Stored data entries
________

lemma derivable_eval_skeleton:
  "derivable p J \<Longrightarrow> J = JEval \<gamma> e w \<Longrightarrow> is_skeleton e \<Longrightarrow> w = inst \<gamma> e"
proof (induction arbitrary: e w rule: derivable.induct)
  case (derivableI J Js)
  from \<open>rule_inst p J Js\<close> show ?case
  proof cases
    case (r_con ss bs \<gamma>' c)
    have "bs ! i = inst \<gamma> (ss ! i)" if "i < length ss" for i
    proof -
      have "JEval \<gamma> (ss ! i) (bs ! i) \<in> set Js"
        using r_con derivableI.prems that by (auto simp: set_conv_nth intro!: exI[of _ i])
      moreover have "is_skeleton (ss ! i)"
        using is_skeleton_apps_ECon[of c ss] derivableI.prems r_con that by simp
      ultimately show ?thesis using derivableI.IH by blast
    qed
    then have "bs = map (inst \<gamma>) ss"
      using \<open>length ss = length bs\<close> by (simp add: nth_equalityI)
    then show ?thesis using r_con derivableI.prems by simp
  next
    case (r_pair \<gamma>' s t v w')
    then show ?thesis using derivableI.IH derivableI.prems is_skeleton_EPair by auto
  next
    case (r_app \<gamma>' s t w' f vs v)
    then obtain c where "expr_head s = ECon c"
      using derivableI.prems is_skeleton_EApp by auto
    moreover have "derivable p (JEval \<gamma>' s (apps (EFun f) vs))"
      using derivableI.IH r_app by simp
    ultimately have "expr_head (apps (EFun f) vs) = ECon c"
      using derivable_eval_con_head by blast
    then show ?thesis by simp
  qed (use derivableI.prems in auto)
qed

definition con_subexprs :: "('v, 'c, 'f) expr \<Rightarrow> ('v, 'c, 'f) expr set" where
  "con_subexprs e = {t. sube e t \<and> (\<exists>c ts. t = apps (ECon c) ts)}"

lemma con_subexprs_mono: "sube e e' \<Longrightarrow> con_subexprs e' \<subseteq> con_subexprs e"
  unfolding con_subexprs_def using sube_trans by blast

lemma con_subexprs_EVar [simp]: "con_subexprs (EVar x) = {}"
  by (auto simp: con_subexprs_def sube_def)

lemma con_subexprs_EPair: "con_subexprs (EPair a b) = con_subexprs a \<union> con_subexprs b"
  by (auto simp: con_subexprs_def sube_def)

lemma con_subexprs_apps_EFun:
  "con_subexprs (apps (EFun f) vs) = (\<Union>v\<in>set vs. con_subexprs v)"
  by (auto simp: con_subexprs_def sube_def psub_apps)

lemma con_subexprs_apps_ECon:
  "con_subexprs (apps (ECon c) vs) = insert (apps (ECon c) vs) (\<Union>v\<in>set vs. con_subexprs v)"
  by (auto simp: con_subexprs_def sube_def psub_apps)

lemma con_subexprs_EApp:
  "(\<And>c. expr_head s \<noteq> ECon c) \<Longrightarrow> con_subexprs s \<subseteq> con_subexprs (EApp s t)"
  by (fastforce simp: con_subexprs_def sube_def)

definition bounded_env ::
    "('v, 'c, 'f) expr set \<Rightarrow> ('v, 'c, 'f) env \<Rightarrow> bool" where
  "bounded_env B \<gamma> \<longleftrightarrow> (\<forall>v\<in>ran \<gamma>. con_subexprs v \<subseteq> B)"

definition con_safe ::
    "('v, 'c, 'f) expr set \<Rightarrow> ('v, 'c, 'f) env \<Rightarrow> ('v, 'c, 'f) expr \<Rightarrow> bool" where
  "con_safe B \<gamma> s \<longleftrightarrow> (\<forall>t\<in>con_subexprs s.
     is_data t \<and> t \<in> B \<or> is_pattern t \<and> con_subexprs (inst \<gamma> t) \<subseteq> B)"

fun judg_pre :: "('v, 'c, 'f) expr set \<Rightarrow> ('v, 'c, 'f) judg \<Rightarrow> bool" where
  "judg_pre B (JEval \<gamma> s w) \<longleftrightarrow> bounded_env B \<gamma> \<and> con_safe B \<gamma> s"
| "judg_pre B (JIf \<gamma> d s2 s3 w) \<longleftrightarrow>
     bounded_env B \<gamma> \<and> con_subexprs d \<subseteq> B \<and> con_safe B \<gamma> s2 \<and> con_safe B \<gamma> s3"
| "judg_pre B (JCall f vs w) \<longleftrightarrow> (\<forall>v\<in>set vs. con_subexprs v \<subseteq> B)"

fun judg_result :: "('v, 'c, 'f) judg \<Rightarrow> ('v, 'c, 'f) expr" where
  "judg_result (JEval \<gamma> s w) = w"
| "judg_result (JIf \<gamma> d s2 s3 w) = w"
| "judg_result (JCall f vs w) = w"

lemma con_safe_mono: "con_safe B \<gamma> e \<Longrightarrow> con_subexprs e' \<subseteq> con_subexprs e \<Longrightarrow> con_safe B \<gamma> e'"
  unfolding con_safe_def by blast

lemma con_safe_sube: "con_safe B \<gamma> e \<Longrightarrow> sube e e' \<Longrightarrow> con_safe B \<gamma> e'"
  using con_safe_mono con_subexprs_mono by blast

lemma derivable_eval_con_bounded:
  assumes "derivable p (JEval \<gamma> (apps (ECon c) ss) w)" and "con_safe B \<gamma> (apps (ECon c) ss)"
  shows "w \<in> B"
proof -
  let ?e = "apps (ECon c) ss"
  have "?e \<in> con_subexprs ?e" by (simp add: con_subexprs_apps_ECon)
  with assms(2) consider (data) "is_data ?e" "?e \<in> B"
    | (pattern) "is_pattern ?e" "con_subexprs (inst \<gamma> ?e) \<subseteq> B"
    unfolding con_safe_def by blast
  then show ?thesis
  proof cases
    case data
    then have "w = ?e"
      using derivable_eval_skeleton[OF assms(1) refl] is_data_skeleton inst_data by metis
    with data show ?thesis by simp
  next
    case pattern
    then have "w = inst \<gamma> ?e"
      using derivable_eval_skeleton[OF assms(1) refl] is_pattern_skeleton by blast
    with pattern show ?thesis by (simp add: con_subexprs_apps_ECon)
  qed
qed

________

== REQUIRED WORK ==
Whenever a line in the entries holds the word "where", copy that line.

== ANSWER FOR THIS EXERCISE ==
    then obtain c where "expr_head s = ECon c"
definition con_subexprs :: "('v, 'c, 'f) expr \<Rightarrow> ('v, 'c, 'f) expr set" where
    "('v, 'c, 'f) expr set \<Rightarrow> ('v, 'c, 'f) env \<Rightarrow> bool" where
    "('v, 'c, 'f) expr set \<Rightarrow> ('v, 'c, 'f) env \<Rightarrow> ('v, 'c, 'f) expr \<Rightarrow> bool" where
fun judg_pre :: "('v, 'c, 'f) expr set \<Rightarrow> ('v, 'c, 'f) judg \<Rightarrow> bool" where
fun judg_result :: "('v, 'c, 'f) judg \<Rightarrow> ('v, 'c, 'f) expr" where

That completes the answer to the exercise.